Where serious data processing is involved, data protection officers are now recommending the outsourcing of personal sensitive data processes like payroll, scanning of records, storage and destruction of data to a third party who is fully GDPR compliant and can bring expert compliance to these procedures easily. This is particularly key for organisations that simply do not have the in-house skills or necessary technologies to do this properly.

A prime example of such work, where data management companies like Restore Digital have come to the rescue and taken on the scanning and storage of sensitive data is at the Royal Liverpool University Hospital.  As the hospital currently manages over 1,000 requests for medical records per day, ensuring that the correct files are privacy protected and available for clinicians when patients arrive for appointments is paramount. Using resources effectively to treat patients efficiently is always top priority for healthcare professionals and managers alike and not just led by GDPR compliance. 

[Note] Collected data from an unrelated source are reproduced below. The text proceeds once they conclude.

(* For every positive integer $n$, $$\sum_{r=1}^{n-1}\frac{(-1)^rB_r}{r}\left(\frac{1}{n}\sum_{l=r}^{n}(-1)^l\binom{n}{l}H_{l-1}+\frac{1}{r(n-r)}\right)=\frac{H_{n-1}^{(2)}}{n}+\frac{H_{n-1}}{n^2}.$$
   Context: The Bernoulli numbers $B_n$ are defined by $\sum_{n=0}^\infty \frac{B_n}{n!}t^n=\frac{t}{e^t-1}$ (so $B_1=-\tfrac12$). For $m\ge 0$, $H_m=\sum_{k=1}^m \frac1k$ and $H_m^{(2)}=\sum_{k=1}^m\frac1{k^2}$ (empty sums are $0$, so $H_0=H_0^{(2)}=0$). *)

theory Defs
  imports "HOL-Analysis.Analysis" "HOL-Computational_Algebra.Formal_Power_Series"
begin

text \<open>Bernoulli numbers via the exponential generating function t/(e^t - 1)
  (as a formal power series over the rationals/reals), so B 1 = -1/2.\<close>
definition bernoulli_num :: "nat \<Rightarrow> real" where
  "bernoulli_num n = fact n * fps_nth (fps_X / (fps_exp 1 - 1)) n"

definition H1 :: "nat \<Rightarrow> real" where
  "H1 m = (\<Sum>k=1..m. 1 / real k)"

definition H2 :: "nat \<Rightarrow> real" where
  "H2 m = (\<Sum>k=1..m. 1 / (real k)^2)"

end

theory Submission
  imports Defs
begin

text \<open>Write \<open>n = N + 1\<close>. The inner alternating sum telescopes: with
  \<open>X q = C(N,q) H1 q - (\<Sum>M=1..N. C(M-1,q)/M)\<close> one has \<open>X q + X (q+1) = C(N+1,q+1) H1 q\<close>
  and \<open>X (N+1) = 0\<close>, so the sum over \<open>l \<ge> r\<close> equals \<open>(-1)^r X (r-1)\<close>. Substituting this and
  splitting \<open>1/(r(n-r))\<close> into partial fractions, the \<open>r\<close>-th summand becomes
  \<open>U r / n + V r / n\<^sup>2\<close>. After exchanging the order of summation, \<open>(\<Sum>r. U r) = H2 N\<close> and
  \<open>(\<Sum>r. V r) = H1 N\<close> reduce to the binomial recurrence of the Bernoulli numbers in the form
  \<open>(\<Sum>r=1..M. C(M,r) B_r) = (-1)^M B_M - 1\<close>, which together with the reflection
  \<open>(-1)^M B_M = B_M + [M = 1]\<close> is read off from the generating function \<open>t/(e^t - 1)\<close>.\<close>

definition bernoulli_egf :: "real fps" where
  "bernoulli_egf = fps_X / (fps_exp 1 - 1)"

lemma fps_nth_bernoulli_egf: "fps_nth bernoulli_egf n = bernoulli_num n / fact n"
  by (simp add: bernoulli_num_def bernoulli_egf_def)

lemma fps_exp_minus_1_nonzero: "fps_exp (1::real) - 1 \<noteq> 0"
proof
  assume "fps_exp (1::real) - 1 = 0"
  then have "fps_nth (fps_exp (1::real) - 1) 1 = 0" by simp
  then show False by simp
qed

lemma bernoulli_egf_times: "bernoulli_egf * (fps_exp 1 - 1) = fps_X"
proof -
  have "subdegree (fps_exp (1::real) - 1) = 1"
    by (rule subdegreeI) auto
  then have "fps_exp (1::real) - 1 dvd fps_X"
    by (simp add: fps_dvd_iff[OF fps_exp_minus_1_nonzero])
  then show ?thesis
    unfolding bernoulli_egf_def by (rule dvd_div_mult_self)
qed

lemma bernoulli_num_recurrence:
  assumes "m \<ge> 1"
  shows "(\<Sum>r<m. real (m choose r) * bernoulli_num r) = (if m = 1 then 1 else 0)"
proof -
  have "(if m = 1 then 1 else 0) = fps_nth (bernoulli_egf * (fps_exp 1 - 1)) m"
    by (simp add: bernoulli_egf_times)
  also have "\<dots> = (\<Sum>r\<le>m. bernoulli_num r / fact r * fps_nth (fps_exp 1 - 1) (m - r))"
    by (simp add: fps_mult_nth atLeast0AtMost fps_nth_bernoulli_egf)
  also have "\<dots> = (\<Sum>r<m. bernoulli_num r / (fact r * fact (m - r)))"
    using assms by (simp add: lessThan_Suc_atMost[symmetric] mult.commute)
  also have "\<dots> = (\<Sum>r<m. real (m choose r) * bernoulli_num r) / fact m"
    by (simp add: sum_divide_distrib binomial_fact)
  finally show ?thesis
    by (simp add: field_simps split: if_splits)
qed

lemma bernoulli_num_0 [simp]: "bernoulli_num 0 = 1"
  using bernoulli_num_recurrence[of 1] by simp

Physically moving, managing and storing a huge amount of paper documents and files was both a time-consuming and costly process for the Trust, and also a potentially insecure one. The chance of patient notes being lost or misplaced, and people having to wait longer than was necessary before clinicians were able to see them was a real cause for concern. However, management at The Royal Liverpool soon realised that if its documents were digitised by scanning and then fed into a secure electronic patient records’ system, many risks would be instantly reduced and access to accurate crucial, data would be speeded up. Restore was engaged to carry out all the medical scanning, archiving, indexing and retrieval of medical records for the hospital which needed to find a document scanning solution to digitise and index over 100 million pages of active medical records as well as having them in an electronic format ready for import into the Trust’s EDMS. The project needed to incorporate both scanning and archiving ‘live’ files and ongoing/day forward notes. 

In this case, as the outsourcing partner had a ISO27001 compliant  high tech centre in which the scanning process was completed, the hospital received a host of benefits. These included a compliant records management process backed by enhanced security, incorporating IG Toolkit compliance. All staff involved in the process were security checked too so that the hospital could be certain that their sensitive data did not land in the wrong hands.

As a result of its move to outsource the scanning and digitisation process of its records, in addition to enhanced security and compliance, the Royal Liverpool has reduced its administration costs relating to the physical management of records. This has brought with it an improvement in patient care due to the speed at which clinicians can now access accurate, secure patient information. This even includes allowing patient records to be retrieved simultaneously by numerous clinicians anywhere in the world, if needed. 

Whilst the Royal Liverpool may be ahead of the curve, it is still believed that many hospital trusts, GP practices, opticians and dentists are slowly getting to grips with what the legislation means in practice. They need to find a workable solution that puts the privacy of data subjects and data security at the top of their agenda.

Whether healthcare organisations choose to go it alone or join forces with an expert, GDPR compliant, external partner, it is vital that administrative issues are not allowed to detract from the amazing medical work being undertaken on a daily basis. Wouldn’t it be a patient care tragedy to squeeze a tight budget to breaking point by simply not having a GDPR plan in place?